Excerpts from a dataset
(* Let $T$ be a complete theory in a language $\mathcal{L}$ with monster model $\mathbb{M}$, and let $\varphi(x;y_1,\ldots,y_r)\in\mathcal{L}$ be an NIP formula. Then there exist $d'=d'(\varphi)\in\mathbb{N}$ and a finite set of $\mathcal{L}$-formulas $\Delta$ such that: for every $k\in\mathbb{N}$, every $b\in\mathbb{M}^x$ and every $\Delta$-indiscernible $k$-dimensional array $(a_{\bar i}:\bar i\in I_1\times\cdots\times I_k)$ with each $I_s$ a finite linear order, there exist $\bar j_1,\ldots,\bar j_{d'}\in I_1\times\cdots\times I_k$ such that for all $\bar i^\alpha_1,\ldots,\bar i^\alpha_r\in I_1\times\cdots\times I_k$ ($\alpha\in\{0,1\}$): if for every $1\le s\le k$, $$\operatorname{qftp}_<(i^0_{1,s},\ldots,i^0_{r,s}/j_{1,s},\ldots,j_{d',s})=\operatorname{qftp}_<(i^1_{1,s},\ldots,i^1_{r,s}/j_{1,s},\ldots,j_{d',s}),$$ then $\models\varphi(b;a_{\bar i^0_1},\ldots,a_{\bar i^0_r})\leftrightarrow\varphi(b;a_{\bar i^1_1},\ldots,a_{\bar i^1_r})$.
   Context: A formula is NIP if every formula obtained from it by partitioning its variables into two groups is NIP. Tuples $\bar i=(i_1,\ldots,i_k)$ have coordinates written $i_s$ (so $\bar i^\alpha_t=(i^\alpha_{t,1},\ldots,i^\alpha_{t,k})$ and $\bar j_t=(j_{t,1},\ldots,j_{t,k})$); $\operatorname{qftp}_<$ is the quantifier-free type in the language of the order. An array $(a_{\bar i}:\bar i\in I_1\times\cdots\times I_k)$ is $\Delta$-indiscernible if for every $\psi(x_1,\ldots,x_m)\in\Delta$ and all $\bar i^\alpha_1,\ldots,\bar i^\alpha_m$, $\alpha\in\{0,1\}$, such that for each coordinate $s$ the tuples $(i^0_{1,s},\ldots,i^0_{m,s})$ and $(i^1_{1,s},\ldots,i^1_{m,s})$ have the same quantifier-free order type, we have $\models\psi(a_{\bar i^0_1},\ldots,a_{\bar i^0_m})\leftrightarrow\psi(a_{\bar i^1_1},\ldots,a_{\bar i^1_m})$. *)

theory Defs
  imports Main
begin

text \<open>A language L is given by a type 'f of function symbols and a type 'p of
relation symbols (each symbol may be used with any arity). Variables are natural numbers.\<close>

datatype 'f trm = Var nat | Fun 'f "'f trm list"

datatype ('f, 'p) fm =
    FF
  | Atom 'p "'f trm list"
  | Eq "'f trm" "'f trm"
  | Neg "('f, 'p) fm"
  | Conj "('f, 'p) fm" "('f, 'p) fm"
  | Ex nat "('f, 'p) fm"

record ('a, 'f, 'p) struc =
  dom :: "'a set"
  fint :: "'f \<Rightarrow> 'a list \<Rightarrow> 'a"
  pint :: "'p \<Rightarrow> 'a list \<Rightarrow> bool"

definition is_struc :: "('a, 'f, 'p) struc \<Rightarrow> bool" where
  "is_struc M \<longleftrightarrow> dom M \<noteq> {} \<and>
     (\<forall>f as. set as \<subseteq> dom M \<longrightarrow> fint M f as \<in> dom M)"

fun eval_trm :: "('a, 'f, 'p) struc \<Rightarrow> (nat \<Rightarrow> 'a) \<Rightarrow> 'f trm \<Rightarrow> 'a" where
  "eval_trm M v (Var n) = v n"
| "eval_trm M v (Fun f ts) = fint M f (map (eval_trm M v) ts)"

■ **About this task**: Your task is to restate, word for word, only those lines above that fall between the line holding "text \<open>A language" and the line holding "record ('a, 'f, 'p)", inclusive.

■ **Written response**:
text \<open>A language L is given by a type 'f of function symbols and a type 'p of
relation symbols (each symbol may be used with any arity). Variables are natural numbers.\<close>

datatype 'f trm = Var nat | Fun 'f "'f trm list"

datatype ('f, 'p) fm =
    FF
  | Atom 'p "'f trm list"
  | Eq "'f trm" "'f trm"
  | Neg "('f, 'p) fm"
  | Conj "('f, 'p) fm" "('f, 'p) fm"
  | Ex nat "('f, 'p) fm"

record ('a, 'f, 'p) struc =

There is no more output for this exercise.